Berin stapte naar buiten en knipperde zijn laatste tranen weg. Toen het felle zonlicht hem raakte, besefte hij dat hij geen idee had wat hij nu moest doen. Wat kon hij doen? Hij kon zijn oudste zoon niet helpen, niet nu, terwijl de anderen wel overal konden zijn.

“Dat doet er niet toe,” zei Berin tegen zichzelf. Hij voelde de vastberadenheid in zich veranderen, net als het metaal dat hij bewerkte. “Het zal me niet tegenhouden.”

Misschien had iemand in de buurt gezien waar ze heen waren gegaan. Er moest wel iemand zijn die wist waar het leger was, en Berin wist beter dan wie dan ook dat een man die zwaarden maakte altijd een manier kon vinden om dichter bij het leger te komen.
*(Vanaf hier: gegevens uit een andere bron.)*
lemma shortest_closed_walk_chordless:
  assumes walk: "closed_walk A k c" and shortest: "\<And>k' c'. k' < k \<Longrightarrow> \<not> closed_walk A k' c'"
    and irrefl: "\<And>x. (x, x) \<notin> A"
    and "i < k" "j < k" and chord: "(c i, c j) \<in> A"
  shows "j = Suc i mod k"
proof -
  define d where "d = (if i \<le> j then j - i else k + j - i)"
  have "d < k" "(i + d) mod k = j" using \<open>i < k\<close> \<open>j < k\<close> unfolding d_def by auto
  let ?c = "\<lambda>m. c ((i + m) mod k)"
  have rotated: "closed_walk A k ?c" by (rule closed_walk_rotate[OF walk])
  have chord': "(?c 0, ?c d) \<in> A" using chord \<open>i < k\<close> \<open>(i + d) mod k = j\<close> by simp
  have "d \<noteq> 0" using chord irrefl \<open>(i + d) mod k = j\<close> \<open>i < k\<close> by (cases "d = 0") auto
  moreover have "\<not> 1 < d"
  proof
    assume "1 < d"
    have "k + 1 - d < k" using \<open>1 < d\<close> \<open>d < k\<close> by linarith
    then show False
      using closed_walk_shortcut[OF rotated \<open>1 < d\<close> \<open>d < k\<close> chord'] shortest by blast
  qed
  ultimately have "d = 1" by linarith
  show ?thesis
  proof (cases "i \<le> j")
    case True
    then show ?thesis using \<open>d = 1\<close> \<open>j < k\<close> unfolding d_def by simp
  next
    case False
    then have "k + j - i = 1" using \<open>d = 1\<close> unfolding d_def by simp
    then have "j = 0" "Suc i = k" using \<open>i < k\<close> by linarith+
    then show ?thesis by simp
  qed
qed

lemma Suc_mod_inj: "i < k \<Longrightarrow> j < k \<Longrightarrow> Suc i mod k = Suc j mod k \<Longrightarrow> i = j"
  by (auto simp: mod_Suc split: if_splits)

lemma shortest_closed_walk_inj_on:
  assumes walk: "closed_walk A k c" and shortest: "\<And>k' c'. k' < k \<Longrightarrow> \<not> closed_walk A k' c'"
    and irrefl: "\<And>x. (x, x) \<notin> A"
  shows "inj_on c {..<k}"
proof (rule inj_onI)
  fix i j assume "i \<in> {..<k}" "j \<in> {..<k}" "c i = c j"
  moreover have "(c j, c (Suc j mod k)) \<in> A" using walk \<open>j \<in> {..<k}\<close> unfolding closed_walk_def by simp
  ultimately have "Suc j mod k = Suc i mod k"
    using shortest_closed_walk_chordless[OF walk shortest irrefl, of i "Suc j mod k"] by simp
  then show "i = j" using Suc_mod_inj \<open>i \<in> {..<k}\<close> \<open>j \<in> {..<k}\<close> by simp
qed

definition dominating_cycle :: "('a \<times> 'a) set \<Rightarrow> 'a set \<Rightarrow> ('a \<Rightarrow> 'a) \<Rightarrow> bool" where
  "dominating_cycle A S s \<longleftrightarrow> cyclic_on s S \<and> (\<forall>x\<in>S. (x, s x) \<in> A) \<and>
     (\<forall>x\<in>S. \<forall>v\<in>S. (x, v) \<in> A \<longrightarrow> v \<noteq> s x \<longrightarrow> (s x, v) \<in> A)"

lemma shortest_closed_walk_dominating_cycle:
  assumes walk: "closed_walk A k c" and shortest: "\<And>k' c'. k' < k \<Longrightarrow> \<not> closed_walk A k' c'"
    and irrefl: "\<And>x. (x, x) \<notin> A"
  obtains s where "dominating_cycle A (c ` {..<k}) s"
proof -
  have "0 < k" and arc: "\<And>i. i < k \<Longrightarrow> (c i, c (Suc i mod k)) \<in> A"
    using walk unfolding closed_walk_def by auto
  have chordless: "\<And>i j. i < k \<Longrightarrow> j < k \<Longrightarrow> (c i, c j) \<in> A \<Longrightarrow> j = Suc i mod k"
    using shortest_closed_walk_chordless[OF walk shortest irrefl] by blast
  have "inj_on c {..<k}" by (rule shortest_closed_walk_inj_on[OF walk shortest irrefl])
  define s where "s x = c (Suc (the_inv_into {..<k} c x) mod k)" for x
  have s: "s (c i) = c (Suc i mod k)" if "i < k" for i
    unfolding s_def using the_inv_into_f_f[OF \<open>inj_on c {..<k}\<close>] that by simp
  have iter: "(s ^^ n) (c 0) = c (n mod k)" for n
  proof (induction n)
    case (Suc n)
    then show ?case using s[of "n mod k"] \<open>0 < k\<close> by (simp add: mod_Suc_eq)
  qed simp
  have "c ` {..<k} = orbit s (c 0)"
  proof (rule set_eqI)
    fix x
    have "x \<in> c ` {..<k} \<longleftrightarrow> (\<exists>n. 0 < n \<and> x = c (n mod k))"
    proof
      assume "x \<in> c ` {..<k}"
      then obtain i where "i < k" "x = c i" by blast
      then show "\<exists>n. 0 < n \<and> x = c (n mod k)" by (intro exI[of _ "i + k"]) simp
    qed (use \<open>0 < k\<close> in auto)
    then show "x \<in> c ` {..<k} \<longleftrightarrow> x \<in> orbit s (c 0)"
      unfolding orbit_altdef iter by blast
  qed
  then have "cyclic_on s (c ` {..<k})"
    using \<open>0 < k\<close> by (intro cyclic_on_singleI) auto
  moreover have "\<forall>x\<in>c ` {..<k}. (x, s x) \<in> A" using arc s by auto
  moreover have "\<forall>x\<in>c ` {..<k}. \<forall>v\<in>c ` {..<k}. (x, v) \<in> A \<longrightarrow> v \<noteq> s x \<longrightarrow> (s x, v) \<in> A"
    using chordless s by auto
  ultimately show thesis using that unfolding dominating_cycle_def by blast
qed

lemma dominating_cycle_funpow_arc:
  assumes cyc: "dominating_cycle A S s" and "a \<in> S" "b \<in> S" "(a, b) \<in> A"
    and "\<And>m. 0 < m \<Longrightarrow> m \<le> k \<Longrightarrow> (s ^^ m) a \<noteq> b"
  shows "((s ^^ k) a, b) \<in> A"
  using assms(5)
proof (induction k)
  case 0
  then show ?case using \<open>(a, b) \<in> A\<close> by simp
next
  case (Suc k)
  then have "((s ^^ k) a, b) \<in> A" by simp
  moreover have "(s ^^ k) a \<in> S" using cyc \<open>a \<in> S\<close> unfolding dominating_cycle_def
    by (simp add: cyclic_on_funpow_in)
  moreover have "s ((s ^^ k) a) \<noteq> b" using Suc.prems[of "Suc k"] by simp
  ultimately have "(s ((s ^^ k) a), b) \<in> A"
    using cyc \<open>b \<in> S\<close> unfolding dominating_cycle_def by simp
  then show ?case by simp
qed

lemma dominating_cycle_interval_dominating:
  assumes cyc: "dominating_cycle A V s" and "A \<subseteq> V \<times> V" and irrefl: "\<And>x. (x, x) \<notin> A"
  obtains vs where "linear_order_of V vs" "interval_dominating A vs"
proof -
  obtain vs where dist: "distinct vs" and set: "set vs = V"
    and iter: "\<And>x m. x \<in> V \<Longrightarrow> (s ^^ m) x = vs ! ((pos vs x + m) mod length vs)"
    using cyclic_on_enumeration cyc unfolding dominating_cycle_def by blast
  have "interval_dominating A vs"
    unfolding interval_dominating_def
  proof (intro allI impI)
    fix x y z assume "(x, y) \<in> A" and z: "z \<in> open_cyc_interval vs x y"
    then have xy: "x \<in> set vs" "y \<in> set vs" "x \<noteq> y" using \<open>A \<subseteq> V \<times> V\<close> set irrefl by auto
    then have d: "z \<in> set vs" "0 < cyc_dist vs x z" "cyc_dist vs x z < cyc_dist vs x y"
      using z open_cyc_interval_iff[OF dist] by auto
    have dist_iter: "cyc_dist vs x ((s ^^ m) x) = m" if "m < length vs" for m
      using iter[of x m] cyc_dist_nth_mod[OF dist xy(1) that] xy(1) set by simp
    have "((s ^^ cyc_dist vs x z) x, y) \<in> A"
    proof (rule dominating_cycle_funpow_arc[OF cyc _ _ \<open>(x, y) \<in> A\<close>])
      show "x \<in> V" "y \<in> V" using xy set by auto
      fix m assume "0 < m" "m \<le> cyc_dist vs x z"
      then have "cyc_dist vs x ((s ^^ m) x) < cyc_dist vs x y"
        using dist_iter d cyc_dist_less_length[OF dist xy(1) d(1)] by simp
      then show "(s ^^ m) x \<noteq> y" by auto
    qed
    moreover have "(s ^^ cyc_dist vs x z) x = z"
      using iter[of x] nth_cyc_dist[OF dist xy(1) d(1)] xy(1) set by simp
    ultimately show "(z, y) \<in> A" by simp
  qed
  then show thesis using that dist set unfolding linear_order_of_def by blast
qed

lemma succ_arcs_subset_induced_arcs:
  assumes "dominating_cycle A S s" "X \<subseteq> S" "X \<subseteq> Y"
  shows "succ_arcs s X \<subseteq> induced_arcs A Y"
  using assms unfolding succ_arcs_def induced_arcs_def dominating_cycle_def by auto

lemma dominating_cycle_path_to_pred:
  assumes cyc: "dominating_cycle A S s" and "a \<in> S" "b \<in> S" "(a, b) \<in> A" "p \<in> S" "s p = b"
  shows "(a, p) \<in> (succ_arcs s (S \<inter> in_nbhd A b))\<^sup>*"
proof -
  have cyclic: "cyclic_on s S" using cyc unfolding dominating_cycle_def by simp
  have closed: "s z \<in> S \<inter> in_nbhd A b" if "z \<in> S \<inter> in_nbhd A b" "z \<noteq> p" for z
  proof -
    have "s z \<noteq> b"
      using cyclic_on_inj_on[OF cyclic] that \<open>p \<in> S\<close> \<open>s p = b\<close> by (auto dest: inj_onD)
    then show ?thesis
      using cyc that \<open>b \<in> S\<close> cyclic_on_inI[OF cyclic]
      unfolding dominating_cycle_def in_nbhd_def by auto
  qed
  have "a \<in> S \<inter> in_nbhd A b" using assms(2,4) unfolding in_nbhd_def by simp
  then show ?thesis using cyclic_on_path_within[OF cyclic _ _ \<open>p \<in> S\<close> closed] by blast
qed

section \<open>Growing a dominating cycle\<close>

locale out_tournament_in_acyclic =
  fixes A :: "('a \<times> 'a) set"
  assumes irrefl: "(x, x) \<notin> A"
    and out_tournament: "(x, a) \<in> A \<Longrightarrow> (x, b) \<in> A \<Longrightarrow> a \<noteq> b \<Longrightarrow> (a, b) \<in> A \<or> (b, a) \<in> A"
    and in_acyclic: "acyclic (induced_arcs A (in_nbhd A x))"
begin

lemma no_cycle_in_in_nbhd:
  assumes "(a, b) \<in> induced_arcs A (in_nbhd A w)" "(b, a) \<in> (induced_arcs A (in_nbhd A w))\<^sup>*"
  shows False
proof -
  have "(a, a) \<in> (induced_arcs A (in_nbhd A w))\<^sup>+" using rtrancl_into_trancl2[OF assms] .
  then show False using in_acyclic[of w] unfolding acyclic_def by simp
qed

text \<open>For a vertex y off the cycle, an \<^emph>\<open>exit\<close> is a cycle vertex u with u \<rightarrow> y \<rightarrow> s u; y is
  inserted between u and s u.\<close>

context
  fixes S s y
  assumes cyc: "dominating_cycle A S s" and new: "y \<notin> S"
begin

lemma succ_of_in_nbhd: "z \<in> S \<inter> in_nbhd A y \<Longrightarrow> s z \<in> in_nbhd A y \<union> out_nbhd A y"
  using cyc new out_tournament[of z y "s z"] cyclic_on_inI[of s S z]
  unfolding dominating_cycle_def in_nbhd_def out_nbhd_def by auto

lemma exit_exists:
  assumes "u0 \<in> S \<inter> in_nbhd A y"
  shows "\<exists>u \<in> S \<inter> in_nbhd A y. s u \<in> out_nbhd A y"
proof (rule ccontr)
  assume "\<not> ?thesis"
  then have closed: "s z \<in> S \<inter> in_nbhd A y" if "z \<in> S \<inter> in_nbhd A y" for z
    using succ_of_in_nbhd[OF that] cyclic_on_inI[of s S z] cyc that
    unfolding dominating_cycle_def by blast
  have cyclic: "cyclic_on s S" using cyc unfolding dominating_cycle_def by simp
  have "(s u0, u0) \<in> (succ_arcs s (S \<inter> in_nbhd A y))\<^sup>*"
    using cyclic_on_path_within[OF cyclic _ closed[OF assms]] closed assms by blast
  then have "(s u0, u0) \<in> (induced_arcs A (in_nbhd A y))\<^sup>*"
    using rtrancl_mono[OF succ_arcs_subset_induced_arcs[OF cyc]] by blast
  moreover have "(u0, s u0) \<in> induced_arcs A (in_nbhd A y)"
    using closed[OF assms] assms cyc unfolding dominating_cycle_def induced_arcs_def by auto
  ultimately show False by (rule no_cycle_in_in_nbhd[rotated])
qed

lemma no_out_arc_into_exit:
  assumes u: "u \<in> S \<inter> in_nbhd A y" "s u \<in> out_nbhd A y"
    and v: "v \<in> S \<inter> out_nbhd A y" "(v, s u) \<in> A"
  shows False
proof -
  let ?R = "induced_arcs A (in_nbhd A (s u))"
  have cyclic: "cyclic_on s S" and "s u \<in> S" and "(u, s u) \<in> A"
    using cyc u cyclic_on_inI[of s S u] unfolding dominating_cycle_def by auto
  have "(v, u) \<in> (succ_arcs s (S \<inter> in_nbhd A (s u)))\<^sup>*"
    using dominating_cycle_path_to_pred[OF cyc _ \<open>s u \<in> S\<close> v(2)] u v by blast
  then have "(v, u) \<in> ?R\<^sup>*"
    using rtrancl_mono[OF succ_arcs_subset_induced_arcs[OF cyc]] by blast
  moreover have "(u, y) \<in> ?R" "(y, v) \<in> ?R"
    using u v \<open>(u, s u) \<in> A\<close> unfolding induced_arcs_def in_nbhd_def out_nbhd_def by auto
  ultimately show False using no_cycle_in_in_nbhd rtrancl_into_rtrancl by metis
qed

lemma exit_unique:
  assumes "u \<in> S \<inter> in_nbhd A y" "s u \<in> out_nbhd A y"
    and "u' \<in> S \<inter> in_nbhd A y" "s u' \<in> out_nbhd A y"
  shows "u = u'"
proof (rule ccontr)
  assume "u \<noteq> u'"
  then have "s u \<noteq> s u'"
    using cyc assms cyclic_on_inj_on unfolding dominating_cycle_def by (auto dest: inj_onD)
  then have "(s u, s u') \<in> A \<or> (s u', s u) \<in> A"
    using assms out_tournament unfolding out_nbhd_def by auto
  moreover have "s u \<in> S" "s u' \<in> S"
    using cyc assms cyclic_on_inI unfolding dominating_cycle_def by auto
  ultimately show False using no_out_arc_into_exit assms by blast
qed

lemma exit_closed:
  assumes "u \<in> S \<inter> in_nbhd A y" "s u \<in> out_nbhd A y" "z \<in> S \<inter> in_nbhd A y" "z \<noteq> u"
  shows "s z \<in> S \<inter> in_nbhd A y"
proof -
  have "s z \<in> S" using cyc assms(3) cyclic_on_inI unfolding dominating_cycle_def by auto
  moreover have "s z \<notin> out_nbhd A y" using exit_unique assms \<open>s z \<in> S\<close> by blast
  ultimately show ?thesis using succ_of_in_nbhd[OF assms(3)] by blast
qed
Wat betreft Ceres…er moest iets zijn. Ze moest ergens zijn. Want het alternatief was ondenkbaar.

Berin keek uit over het platteland. Ceres was daar ergens. En Sartes ook. Hij zei de volgende woorden hardop, want daardoor leken ze in een belofte te veranderen. Een belofte aan zichzelf, aan de wereld, aan zijn kinderen.

“Ik zal jullie allebei vinden,” beloofde hij. “Hoe dan ook.”